3. Residual Calculation: The differences between the actual target values and the current ensemble's predictions are computed. These differences, known as residuals, represent the errors that need to be corrected in the subsequent iterations. For regression, the residuals are the true target values minus the initial predictions. For classification, the residuals are the true class probabilities (encoded as 0s and 1s) minus the initial predicted probabilities.
4. Training of Weak Learners: A weak learner (e.g., decision tree with limited depth) is trained to predict the residuals. The weak learner is fitted to the negative gradient of the objective function with respect to the current ensemble's predictions. This step involves gradient descent-like optimization, where the weak learner aims to minimize the loss by updating its parameters.
5. Learning Rate: The predictions of the weak learner are multiplied by a learning rate (also known as the shrinkage rate).

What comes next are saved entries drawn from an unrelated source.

text \<open>pos j i is the (tie-broken) position of job j in queue Q_i: positions are distinct, and
  a job placed into Q_i earlier is ahead of one placed later (appending at the end); ties among
  simultaneous placements (including the initial placement) are broken arbitrarily but fixed.\<close>
definition valid_positions :: "nat \<Rightarrow> real \<Rightarrow> (nat \<Rightarrow> real) \<Rightarrow> (real \<Rightarrow> nat set) \<Rightarrow> (nat \<Rightarrow> int \<Rightarrow> nat) \<Rightarrow> bool" where
  "valid_positions n \<delta> ph S pos \<longleftrightarrow>
     (\<forall>i. inj_on (\<lambda>j. pos j i) {..<n}) \<and>
     (\<forall>j<n. \<forall>j'<n. \<forall>i. enters_before \<delta> ph S j j' i \<longrightarrow> pos j i < pos j' i)"

definition available :: "nat \<Rightarrow> (nat \<Rightarrow> real) \<Rightarrow> (real \<Rightarrow> nat set) \<Rightarrow> nat \<Rightarrow> real \<Rightarrow> bool" where
  "available n p S j t \<longleftrightarrow> j < n \<and> received S j t < p j"

definition prio_less :: "real \<Rightarrow> (nat \<Rightarrow> real) \<Rightarrow> (real \<Rightarrow> nat set) \<Rightarrow> (nat \<Rightarrow> int \<Rightarrow> nat) \<Rightarrow> nat \<Rightarrow> nat \<Rightarrow> real \<Rightarrow> bool" where
  "prio_less \<delta> ph S pos j j' t \<longleftrightarrow>
     qidx \<delta> ph S j t < qidx \<delta> ph S j' t \<or>
     (qidx \<delta> ph S j t = qidx \<delta> ph S j' t \<and> pos j (qidx \<delta> ph S j t) < pos j' (qidx \<delta> ph S j t))"
lemma loc_dvd_block_sum:
  assumes "N \<le> R" "R < t"
  shows "loc_dvd (\<Sum>r\<le>R. summand (j * t + r))"
proof -
  have split: "{..R} = {..N} \<union> {N<..R}"
    using assms by auto
  have "(\<Sum>r\<le>R. summand r) = (\<Sum>r\<le>N. summand r) + (\<Sum>r\<in>{N<..R}. summand r)"
    unfolding split by (rule sum.union_disjoint) auto
  moreover have "loc_dvd (\<Sum>r\<in>{N<..R}. summand r)"
    using assms by (intro loc_dvd_sum loc_dvd_summand_high) auto
  ultimately have "loc_dvd (hyp_term (j * t) * (\<Sum>r\<le>R. summand r))"
    using loc_dvd_sum_summand_upto_N loc_int_hyp_term_multiple
    by (simp add: loc_dvd_add loc_dvd_mult_left)
  moreover have "loc_cong (\<Sum>r\<le>R. summand (j * t + r)) (hyp_term (j * t) * (\<Sum>r\<le>R. summand r))"
    unfolding sum_distrib_left using assms by (intro loc_cong_sum summand_block) auto
  ultimately show ?thesis
    using loc_cong_loc_dvd loc_cong_sym by blast
qed

lemma loc_dvd_sum_summand:
  assumes "N \<le> R" "R < t"
  shows "loc_dvd (\<Sum>k\<le>J * t + R. summand k)"
  using assms
proof (induction J arbitrary: R)
  case 0
  then show ?case
    using loc_dvd_block_sum[of R 0] by simp
next
  case (Suc J)
  define a where "a = J * t + (t - 1)"
  have a: "Suc (Suc J * t + R) = Suc a + Suc R" "Suc a = Suc J * t"
    using t_ge_3 by (simp_all add: a_def)
  have "(\<Sum>k\<le>Suc J * t + R. summand k) = (\<Sum>k<Suc a + Suc R. summand k)"
    by (simp only: lessThan_Suc_atMost[symmetric] a(1))
  also have "\<dots> = (\<Sum>k<Suc a. summand k) + (\<Sum>r<Suc R. summand (Suc a + r))"
    by (rule sum_lessThan_add)
  also have "\<dots> = (\<Sum>k\<le>a. summand k) + (\<Sum>r\<le>R. summand (Suc J * t + r))"
    by (simp only: lessThan_Suc_atMost) (simp only: a(2))
  finally have sum: "(\<Sum>k\<le>Suc J * t + R. summand k)
      = (\<Sum>k\<le>a. summand k) + (\<Sum>r\<le>R. summand (Suc J * t + r))" .
  have "loc_dvd (\<Sum>k\<le>a. summand k)"
    using Suc.IH[of "t - 1"] N_lt_t by (simp add: a_def)
  then show ?case
    unfolding sum using loc_dvd_block_sum[OF Suc.prems] by (rule loc_dvd_add)
qed

lemma loc_dvd_sum_summand_upto_M:
  assumes "M = (n + 1) div 2 \<or> M = n - 1"
  shows "loc_dvd (\<Sum>k\<le>M. summand k)"
proof -
  obtain m where n: "n = t * m"
    using t_dvd_n by (rule dvdE)
  then have "odd m"
    using odd_n by simp
  then obtain s where m: "m = 2 * s + 1"
    by (rule oddE)
  have "int (2 * N) = int (t + 1)"
    using two_N by simp
  then have "2 * N = t + 1"
    by (simp only: of_nat_eq_iff)
  then have "M = s * t + N \<or> M = (2 * s) * t + (t - 1)"
    using assms t_ge_3 by (auto simp: n m algebra_simps)
  then show ?thesis
    using loc_dvd_sum_summand[of N s] loc_dvd_sum_summand[of "t - 1" "2 * s"] N_lt_t by auto
qed

end

theorem lemma3p2:
  fixes n M :: nat
  assumes "n > 1" and "odd n" and "M = (n + 1) div 2 \<or> M = n - 1"
  shows "qcong
    (\<Sum>k=0..M. qint (4 * int k - 1) *
       (qpoch (av / qv) (qv^2) k * qpoch (1 / (qv * av)) (qv^2) k * qpoch (1 / (qv * bv)) (qv^2) k
        * qpoch (cv / qv) (qv^2) k * qpoch (dv / qv) (qv^2) k * qpoch (1 / qv) (qv^2) k)
     / (qpoch (qv^2 / av) (qv^2) k * qpoch (av * qv^2) (qv^2) k * qpoch (bv * qv^2) (qv^2) k
        * qpoch (qv^2 / cv) (qv^2) k * qpoch (qv^2 / dv) (qv^2) k * qpoch (qv^2) (qv^2) k)
     * (bv * qv ^ 7 / (cv * dv)) ^ k)
    0 (qintP n)"
proof -
  have "prime_localization.loc_dvd p (\<Sum>k\<le>M. summand k)" if "prime p" "p dvd qintP n" for p
  proof -
    interpret qint_prime_divisor p n
      using that assms by unfold_locales simp_all
    show ?thesis
      using assms(3) by (rule loc_dvd_sum_summand_upto_M)
  qed
  moreover have "squarefree (qintP n)"
    using assms(1) by (intro squarefree_qintP) simp
  ultimately obtain a b
    where "b \<noteq> 0" "(\<Sum>k\<le>M. summand k) = Fract a b" "qintP n dvd a" "coprime b (qintP n)"
    using fract_num_dvd_if_loc_dvd by blast
  then show ?thesis
    unfolding qcong_def summand_closed_form atLeast0AtMost by auto
qed

end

The learning rate controls the contribution of each weak learner to the final ensemble. Smaller learning rates lead to a more cautious learning process and can prevent overfitting.
6. Updating Ensemble Predictions: The predictions of the weak learner (multiplied by the learning rate) are added to the current ensemble's predictions. This step updates the ensemble's predictions to incorporate the new information from the latest weak learner. The ensemble now provides an improved estimate of the target variable.
7. Iterative Process: Steps 3 to 6 are repeated for a predefined number of iterations or until a stopping criterion (e.g., a minimum improvement in the objective function) is met. In each iteration, the weak learner focuses on the remaining errors (residuals) and tries to minimize them.
8. Ensemble Prediction: The final prediction of the Gradient Boosting algorithm is the sum of the initial prediction and the predictions from all the weak learners, each multiplied by its corresponding learning rate. The ensemble of weak learners collectively works together to achieve a highly accurate prediction.